(Recorded data)
= = = = =
(* Let $\mathcal{F}=\{f_i\}_{i=1}^N$ be a frame for $\mathbb{R}^n$ of length $N$ which has the exact PR-redundancy property and satisfies $d(\mathcal{F})<n$. Then $N<n(n+1)/2$.
   Context: A frame for $\mathbb{R}^n$ is a finite spanning sequence; $\mathcal{F}_\Lambda=\{f_i\}_{i\in\Lambda}$ for $\Lambda\subseteq\{1,\dots,N\}$. Let $\mathcal{S}_2$ be the set of real symmetric $n\times n$ matrices of rank at most $2$ and $\Theta_{L(\mathcal{F}_\Lambda)}(A)=(f_i^TAf_i)_{i\in\Lambda}$. $\mathcal{F}$ has the exact PR-redundancy property if $\ker(\Theta_{L(\mathcal{F}_\Lambda)})\cap\mathcal{S}_2\neq\ker(\Theta_{L(\mathcal{F})})\cap\mathcal{S}_2$ for every proper subset $\Lambda$. With $\Lambda^c$ the complement, $d_\Lambda=\max\{\dim\mathrm{span}(\mathcal{F}_\Lambda),\dim\mathrm{span}(\mathcal{F}_{\Lambda^c})\}$ and $d(\mathcal{F})=\min_{\Lambda\subseteq\{1,\dots,N\}}d_\Lambda$. *)

theory Defs
  imports "HOL-Analysis.Analysis"
begin

definition is_frame :: "nat \<Rightarrow> (nat \<Rightarrow> real^'n) \<Rightarrow> bool" where
  "is_frame N f \<longleftrightarrow> span (f ` {1..N}) = UNIV"

definition S2 :: "(real^'n^'n) set" where
  "S2 = {A. transpose A = A \<and> rank A \<le> 2}"

text \<open>Kernel of Theta_{L(F_Lambda)}, A \<mapsto> (f_i^T A f_i)_{i in Lambda}, on symmetric matrices.\<close>
definition ker_Theta :: "(nat \<Rightarrow> real^'n) \<Rightarrow> nat set \<Rightarrow> (real^'n^'n) set" where
  "ker_Theta f \<Lambda> = {A. transpose A = A \<and> (\<forall>i\<in>\<Lambda>. f i \<bullet> (A *v f i) = 0)}"

definition exact_PR_redundancy :: "nat \<Rightarrow> (nat \<Rightarrow> real^'n) \<Rightarrow> bool" where
  "exact_PR_redundancy N f \<longleftrightarrow>
     (\<forall>\<Lambda>. \<Lambda> \<subset> {1..N} \<longrightarrow> ker_Theta f \<Lambda> \<inter> S2 \<noteq> ker_Theta f {1..N} \<inter> S2)"

definition d_Lambda :: "nat \<Rightarrow> (nat \<Rightarrow> real^'n) \<Rightarrow> nat set \<Rightarrow> nat" where
  "d_Lambda N f \<Lambda> = max (dim (span (f ` \<Lambda>))) (dim (span (f ` ({1..N} - \<Lambda>))))"

definition d_frame :: "nat \<Rightarrow> (nat \<Rightarrow> real^'n) \<Rightarrow> nat" where
  "d_frame N f = Min {d_Lambda N f \<Lambda> | \<Lambda>. \<Lambda> \<subseteq> {1..N}}"

end

theory Submission
  imports Defs
begin

(* Exact PR-redundancy yields, for every i, a symmetric matrix A_i with f_i^T A_i f_i \<noteq> 0 and
   f_j^T A_i f_j = 0 for j \<noteq> i. If d(F) < n, choose a splitting \<Lambda> with both halves spanning
   proper subspaces, and nonzero u \<perp> f_\<Lambda>, v \<perp> f_\<Lambda>^c: then B = u v^T + v u^T is a nonzero
   symmetric matrix with f_j^T B f_j = 2 (u \<bullet> f_j)(v \<bullet> f_j) = 0 for all j. The functionals
   M \<mapsto> f_j^T M f_j are biorthogonal to the A_i and annihilate B, so A_1, ..., A_N, B are
   linearly independent symmetric matrices, and N + 1 \<le> n(n+1)/2. *)

lemma biorthogonal_span_expansion:
  fixes A :: "'i \<Rightarrow> 'v::real_vector" and \<phi> :: "'i \<Rightarrow> 'v \<Rightarrow> real"
  assumes "finite I"
    and lin: "\<And>j. j \<in> I \<Longrightarrow> linear (\<phi> j)"
    and diag: "\<And>i. i \<in> I \<Longrightarrow> \<phi> i (A i) \<noteq> 0"
    and offdiag: "\<And>i j. i \<in> I \<Longrightarrow> j \<in> I \<Longrightarrow> i \<noteq> j \<Longrightarrow> \<phi> j (A i) = 0"
    and x: "x \<in> span (A ` I)"
  shows "x = (\<Sum>i\<in>I. (\<phi> i x / \<phi> i (A i)) *\<^sub>R A i)"
  using x
proof (induction rule: span_induct_alt)
  case base
  show ?case using lin by (simp add: linear_0)
next
  case (step c x y)
  then obtain k where k: "k \<in> I" "x = A k" by blast
  have expansion_A: "(\<Sum>i\<in>I. (\<phi> i (A k) / \<phi> i (A i)) *\<^sub>R A i) = A k"
  proof -
    have "(\<Sum>i\<in>I. (\<phi> i (A k) / \<phi> i (A i)) *\<^sub>R A i)
        = (\<Sum>i\<in>I. if i = k then A k else 0)"
      using k(1) diag offdiag by (intro sum.cong) auto
    then show ?thesis using \<open>finite I\<close> k(1) by simp
  qed
  have "(\<Sum>i\<in>I. (\<phi> i (c *\<^sub>R x + y) / \<phi> i (A i)) *\<^sub>R A i)
      = c *\<^sub>R (\<Sum>i\<in>I. (\<phi> i (A k) / \<phi> i (A i)) *\<^sub>R A i)
        + (\<Sum>i\<in>I. (\<phi> i y / \<phi> i (A i)) *\<^sub>R A i)"
    using lin k(2)
    by (simp add: linear_add linear_scale add_divide_distrib scaleR_add_left sum.distrib
        scaleR_sum_right times_divide_eq_right cong: sum.cong)
  with step expansion_A k(2) show ?case by simp
qed

lemma biorthogonal_card_less_dim:
  fixes A :: "'i \<Rightarrow> 'v::euclidean_space" and \<phi> :: "'i \<Rightarrow> 'v \<Rightarrow> real"
  assumes "finite I"
    and lin: "\<And>j. j \<in> I \<Longrightarrow> linear (\<phi> j)"
    and diag: "\<And>i. i \<in> I \<Longrightarrow> \<phi> i (A i) \<noteq> 0"
    and offdiag: "\<And>i j. i \<in> I \<Longrightarrow> j \<in> I \<Longrightarrow> i \<noteq> j \<Longrightarrow> \<phi> j (A i) = 0"
    and "B \<noteq> 0" and B_kernel: "\<And>j. j \<in> I \<Longrightarrow> \<phi> j B = 0"
    and "A ` I \<subseteq> V" "B \<in> V"
  shows "card I < dim V"
proof -
  have B_span: "B \<notin> span (A ` I)"
  proof
    assume "B \<in> span (A ` I)"
    then have "B = (\<Sum>i\<in>I. (\<phi> i B / \<phi> i (A i)) *\<^sub>R A i)"
      by (rule biorthogonal_span_expansion[OF \<open>finite I\<close> lin diag offdiag, rotated -1])
    with B_kernel \<open>B \<noteq> 0\<close> show False by simp
  qed
  have "independent (A ` I)"
    unfolding dependent_def
  proof clarify
    fix k assume k: "k \<in> I" and "A k \<in> span (A ` I - {A k})"
    moreover have "A ` I - {A k} \<subseteq> A ` (I - {k})"
      by auto
    ultimately have "A k \<in> span (A ` (I - {k}))"
      using span_mono by blast
    then have "A k = (\<Sum>i\<in>I - {k}. (\<phi> i (A k) / \<phi> i (A i)) *\<^sub>R A i)"
      by (rule biorthogonal_span_expansion[rotated -1])
        (use \<open>finite I\<close> lin diag offdiag in auto)
    also have "\<dots> = 0"
      using k offdiag by (intro sum.neutral) auto
    finally show False
      using diag[OF k] lin[OF k] by (simp add: linear_0)
  qed
  then have indep: "independent (insert B (A ` I))"
    using B_span by (rule independent_insertI[rotated])
  have "inj_on A I"
  proof (rule inj_onI, rule ccontr)
    fix i j assume "i \<in> I" "j \<in> I" "A i = A j" "i \<noteq> j"
    then show False using diag[of j] offdiag[of i j] by simp
  qed
  moreover have "B \<notin> A ` I"
    using B_span by (auto intro: span_base)
  ultimately have "card (insert B (A ` I)) = Suc (card I)"
    using \<open>finite I\<close> by (simp add: card_image)
  moreover have "card (insert B (A ` I)) \<le> dim V"
    by (rule independent_card_le_dim) (use indep assms(7,8) in auto)
  ultimately show ?thesis
    by simp
qed

definition sym_unit :: "'n \<Rightarrow> 'n \<Rightarrow> real^'n^'n" where
  "sym_unit i j =
     (\<chi> k l. (if k = i \<and> l = j then 1 else 0) + (if k = j \<and> l = i then 1 else 0))"

lemma sym_unit_commute: "sym_unit i j = sym_unit j i"
  by (simp only: sym_unit_def add.commute)

lemma sum_sum_delta:
  fixes g :: "'a::finite \<Rightarrow> 'b::finite \<Rightarrow> 'c::comm_monoid_add"
  shows "(\<Sum>i\<in>UNIV. \<Sum>j\<in>UNIV. if i = a \<and> j = b then g i j else 0) = g a b"
proof -
  have "(\<Sum>j\<in>UNIV. if i = a \<and> j = b then g i j else 0) = (if i = a then g i b else 0)" for i
    by (cases "i = a") simp_all
  then show ?thesis by simp
qed

lemma sum_sym_unit_nth:
  "(\<Sum>i\<in>UNIV. \<Sum>j\<in>UNIV. c i j *\<^sub>R sym_unit i j) $ k $ l = c k l + c l k"
proof -
  have "(\<Sum>i\<in>UNIV. \<Sum>j\<in>UNIV. c i j *\<^sub>R sym_unit i j) $ k $ l
      = (\<Sum>i\<in>UNIV. \<Sum>j\<in>UNIV. if i = k \<and> j = l then c i j else 0)
      + (\<Sum>i\<in>UNIV. \<Sum>j\<in>UNIV. if i = l \<and> j = k then c i j else 0)"
    by (simp add: sym_unit_def distrib_left sum.distrib if_distrib[of "\<lambda>x. _ * x"]
        eq_commute conj_commute cong: if_cong)
  then show ?thesis
    by (simp only: sum_sum_delta)
qed

lemma symmetric_matrix_in_span_sym_unit:
  fixes A :: "real^'n^'n"
  assumes "transpose A = A"
  shows "A \<in> span (range (\<lambda>(i, j). sym_unit i j))"
proof -
  have "A$j$i = A$i$j" for i j
    using arg_cong[OF assms, of "\<lambda>M. M $ i $ j"] by (simp add: transpose_def)
  then have "(\<Sum>i\<in>UNIV. \<Sum>j\<in>UNIV. (A$i$j / 2) *\<^sub>R sym_unit i j) $ k $ l = A$k$l" for k l
    by (subst sum_sym_unit_nth) simp
  then have "A = (\<Sum>i\<in>UNIV. \<Sum>j\<in>UNIV. (A$i$j / 2) *\<^sub>R sym_unit i j)"
    by (simp add: vec_eq_iff)
  also have "\<dots> \<in> span (range (\<lambda>(i, j). sym_unit i j))"
    by (intro span_sum span_scale span_base) auto
  finally show ?thesis .
qed

lemma dim_symmetric_matrices_le:
  "2 * dim {A :: real^'n^'n. transpose A = A} \<le> CARD('n) * (CARD('n) + 1)"
proof -
  let ?n = "CARD('n)"
  obtain h where h: "bij_betw h {1..?n} (UNIV :: 'n set)"
    using ex_bij_betw_nat_finite_1[of "UNIV :: 'n set"] by auto
  define P where "P = (SIGMA a:{1..?n}. {1..a})"
  define G where "G = (\<lambda>(a, b). sym_unit (h a) (h b)) ` P"
  have "range (\<lambda>(i, j). sym_unit i j) \<subseteq> G"
  proof clarify
    fix i j :: 'n
    have "h ` {1..?n} = UNIV"
      using h by (simp add: bij_betw_def)
    then obtain a b where ab: "a \<in> {1..?n}" "b \<in> {1..?n}" "h a = i" "h b = j"
      by (metis UNIV_I imageE)
    show "sym_unit i j \<in> G"
    proof (cases "b \<le> a")
      case True
      then have "(a, b) \<in> P"
        using ab by (simp add: P_def)
      then show ?thesis
        unfolding G_def using ab by (auto intro: image_eqI[of _ _ "(a, b)"])
    next
      case False
      then have "(b, a) \<in> P"
        using ab by (simp add: P_def)
      moreover have "sym_unit i j = sym_unit (h b) (h a)"
        using ab by (simp add: sym_unit_commute)
      ultimately show ?thesis
        unfolding G_def by (auto intro: image_eqI[of _ _ "(b, a)"])
    qed
  qed
  then have "{A :: real^'n^'n. transpose A = A} \<subseteq> span G"
    using symmetric_matrix_in_span_sym_unit span_mono by blast
  then have "dim {A :: real^'n^'n. transpose A = A} \<le> card G"
    by (rule dim_le_card) (simp add: G_def P_def)
  also have "card G \<le> card P"
    unfolding G_def by (rule card_image_le) (simp add: P_def)
  finally have "dim {A :: real^'n^'n. transpose A = A} \<le> card P" .
  moreover have "2 * card P = ?n * (?n + 1)"
    using double_gauss_sum_from_Suc_0[where 'a=nat, of ?n] by (simp add: P_def)
  ultimately show ?thesis
    by linarith
qed

lemma linear_quadratic_form: "linear (\<lambda>M :: real^'n^'n. x \<bullet> (M *v x))"
  by (rule linearI)
    (simp_all add: matrix_vector_mult_add_rdistrib inner_add_right
      flip: scaleR_matrix_vector_assoc)

definition sym_outer :: "real^'n \<Rightarrow> real^'n \<Rightarrow> real^'n^'n" where
  "sym_outer u v = (\<chi> i j. u$i * v$j + v$i * u$j)"

lemma transpose_sym_outer: "transpose (sym_outer u v) = sym_outer u v"
  by (simp add: vec_eq_iff sym_outer_def transpose_def)

lemma sym_outer_mult: "sym_outer u v *v x = (v \<bullet> x) *\<^sub>R u + (u \<bullet> x) *\<^sub>R v"
  by (simp add: vec_eq_iff sym_outer_def matrix_vector_mult_def inner_vec_def
      sum_distrib_left sum_distrib_right sum.distrib algebra_simps)

lemma quadratic_form_sym_outer: "x \<bullet> (sym_outer u v *v x) = 2 * (u \<bullet> x) * (v \<bullet> x)"
  by (simp add: sym_outer_mult inner_add_right inner_commute)

lemma sym_outer_nonzero:
  assumes "u \<noteq> 0" "v \<noteq> 0"
  shows "sym_outer u v \<noteq> 0"
proof -
  have "u \<bullet> (sym_outer u v *v v) = (v \<bullet> v) * (u \<bullet> u) + (u \<bullet> v)\<^sup>2"
    by (simp add: sym_outer_mult inner_add_right power2_eq_square inner_commute)
  also have "\<dots> > 0"
    using assms by (simp add: add_pos_nonneg)
  finally show ?thesis
    by auto
qed

lemma d_frame_attained:
  obtains L where "L \<subseteq> {1..N}" "d_frame N f = d_Lambda N f L"
proof -
  have "{d_Lambda N f L | L. L \<subseteq> {1..N}} = d_Lambda N f ` Pow {1..N}"
    by auto
  then have "d_frame N f \<in> d_Lambda N f ` Pow {1..N}"
    unfolding d_frame_def by (metis Min_in finite_Pow_iff finite_atLeastAtMost finite_imageI
        image_is_empty Pow_not_empty)
  then show ?thesis
    using that by auto
qed

lemma symmetric_matrix_vanishing_on_frame_exists:
  fixes f :: "nat \<Rightarrow> real^'n"
  assumes "d_frame N f < CARD('n)"
  obtains B :: "real^'n^'n"
  where "transpose B = B" "B \<noteq> 0" "\<And>j. j \<in> {1..N} \<Longrightarrow> f j \<bullet> (B *v f j) = 0"
proof -
  obtain L where L: "L \<subseteq> {1..N}" "d_Lambda N f L < CARD('n)"
    using assms d_frame_attained by metis
  then have "dim (f ` L) < DIM(real^'n)" "dim (f ` ({1..N} - L)) < DIM(real^'n)"
    by (auto simp: d_Lambda_def)
  then obtain u v :: "real^'n" where
    u: "u \<noteq> 0" "\<And>y. y \<in> span (f ` L) \<Longrightarrow> orthogonal u y" and
    v: "v \<noteq> 0" "\<And>y. y \<in> span (f ` ({1..N} - L)) \<Longrightarrow> orthogonal v y"
    by (metis orthogonal_to_subspace_exists)
  have "(u \<bullet> f j) * (v \<bullet> f j) = 0" if "j \<in> {1..N}" for j
    using that u(2)[of "f j"] v(2)[of "f j"]
    by (cases "j \<in> L") (auto simp: span_base orthogonal_def)
  then show ?thesis
    by (intro that[of "sym_outer u v"] transpose_sym_outer sym_outer_nonzero u(1) v(1))
      (simp add: quadratic_form_sym_outer)
qed

lemma exact_PR_redundancy_dual_matrix:
  fixes f :: "nat \<Rightarrow> real^'n"
  assumes "exact_PR_redundancy N f" "i \<in> {1..N}"
  obtains M :: "real^'n^'n" where "transpose M = M" "f i \<bullet> (M *v f i) \<noteq> 0"
    "\<And>j. j \<in> {1..N} \<Longrightarrow> j \<noteq> i \<Longrightarrow> f j \<bullet> (M *v f j) = 0"
proof -
  have "ker_Theta f ({1..N} - {i}) \<inter> S2 \<noteq> ker_Theta f {1..N} \<inter> S2"
    using assms unfolding exact_PR_redundancy_def by blast
  moreover have "ker_Theta f {1..N} \<subseteq> ker_Theta f ({1..N} - {i})"
    unfolding ker_Theta_def by blast
  ultimately obtain M where "M \<in> ker_Theta f ({1..N} - {i})" "M \<notin> ker_Theta f {1..N}"
    by blast
  then show ?thesis
    using that[of M] unfolding ker_Theta_def by auto
qed

theorem proposition3p8:
  fixes f :: "nat \<Rightarrow> real^'n" and N :: nat
  assumes "is_frame N f"
    and "exact_PR_redundancy N f"
    and "d_frame N f < CARD('n)"
  shows "real N < real CARD('n) * (real CARD('n) + 1) / 2"
proof -
  obtain B where B: "transpose B = B" "B \<noteq> 0"
    "\<And>j. j \<in> {1..N} \<Longrightarrow> f j \<bullet> (B *v f j) = 0"
    using symmetric_matrix_vanishing_on_frame_exists[OF assms(3)] by blast
  have "\<forall>i\<in>{1..N}. \<exists>M. transpose M = M \<and> f i \<bullet> (M *v f i) \<noteq> 0 \<and>
      (\<forall>j\<in>{1..N}. j \<noteq> i \<longrightarrow> f j \<bullet> (M *v f j) = 0)"
    by (metis exact_PR_redundancy_dual_matrix[OF assms(2)])
  then obtain A where A: "\<And>i. i \<in> {1..N} \<Longrightarrow>
      transpose (A i) = A i \<and> f i \<bullet> (A i *v f i) \<noteq> 0 \<and>
      (\<forall>j\<in>{1..N}. j \<noteq> i \<longrightarrow> f j \<bullet> (A i *v f j) = 0)"
    by metis
  have "card {1..N} < dim {M :: real^'n^'n. transpose M = M}"
    by (rule biorthogonal_card_less_dim[where \<phi>="\<lambda>j M. f j \<bullet> (M *v f j)" and A = A and B = B])
      (use linear_quadratic_form A B in auto)
  then have "2 * N < CARD('n) * (CARD('n) + 1)"
    using dim_symmetric_matrices_le[where 'n='n] by simp
  then have "real (2 * N) < real (CARD('n) * (CARD('n) + 1))"
    by (simp only: of_nat_less_iff)
  then show ?thesis
    by (simp add: algebra_simps)
qed

end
= = = = =
Activity: Set down the lines of the records exactly, from the first one through the line containing "A \<and> rank", and add nothing else.

Problem solution:
(* Let $\mathcal{F}=\{f_i\}_{i=1}^N$ be a frame for $\mathbb{R}^n$ of length $N$ which has the exact PR-redundancy property and satisfies $d(\mathcal{F})<n$. Then $N<n(n+1)/2$.
   Context: A frame for $\mathbb{R}^n$ is a finite spanning sequence; $\mathcal{F}_\Lambda=\{f_i\}_{i\in\Lambda}$ for $\Lambda\subseteq\{1,\dots,N\}$. Let $\mathcal{S}_2$ be the set of real symmetric $n\times n$ matrices of rank at most $2$ and $\Theta_{L(\mathcal{F}_\Lambda)}(A)=(f_i^TAf_i)_{i\in\Lambda}$. $\mathcal{F}$ has the exact PR-redundancy property if $\ker(\Theta_{L(\mathcal{F}_\Lambda)})\cap\mathcal{S}_2\neq\ker(\Theta_{L(\mathcal{F})})\cap\mathcal{S}_2$ for every proper subset $\Lambda$. With $\Lambda^c$ the complement, $d_\Lambda=\max\{\dim\mathrm{span}(\mathcal{F}_\Lambda),\dim\mathrm{span}(\mathcal{F}_{\Lambda^c})\}$ and $d(\mathcal{F})=\min_{\Lambda\subseteq\{1,\dots,N\}}d_\Lambda$. *)

theory Defs
  imports "HOL-Analysis.Analysis"
begin

definition is_frame :: "nat \<Rightarrow> (nat \<Rightarrow> real^'n) \<Rightarrow> bool" where
  "is_frame N f \<longleftrightarrow> span (f ` {1..N}) = UNIV"

definition S2 :: "(real^'n^'n) set" where
  "S2 = {A. transpose A = A \<and> rank A \<le> 2}"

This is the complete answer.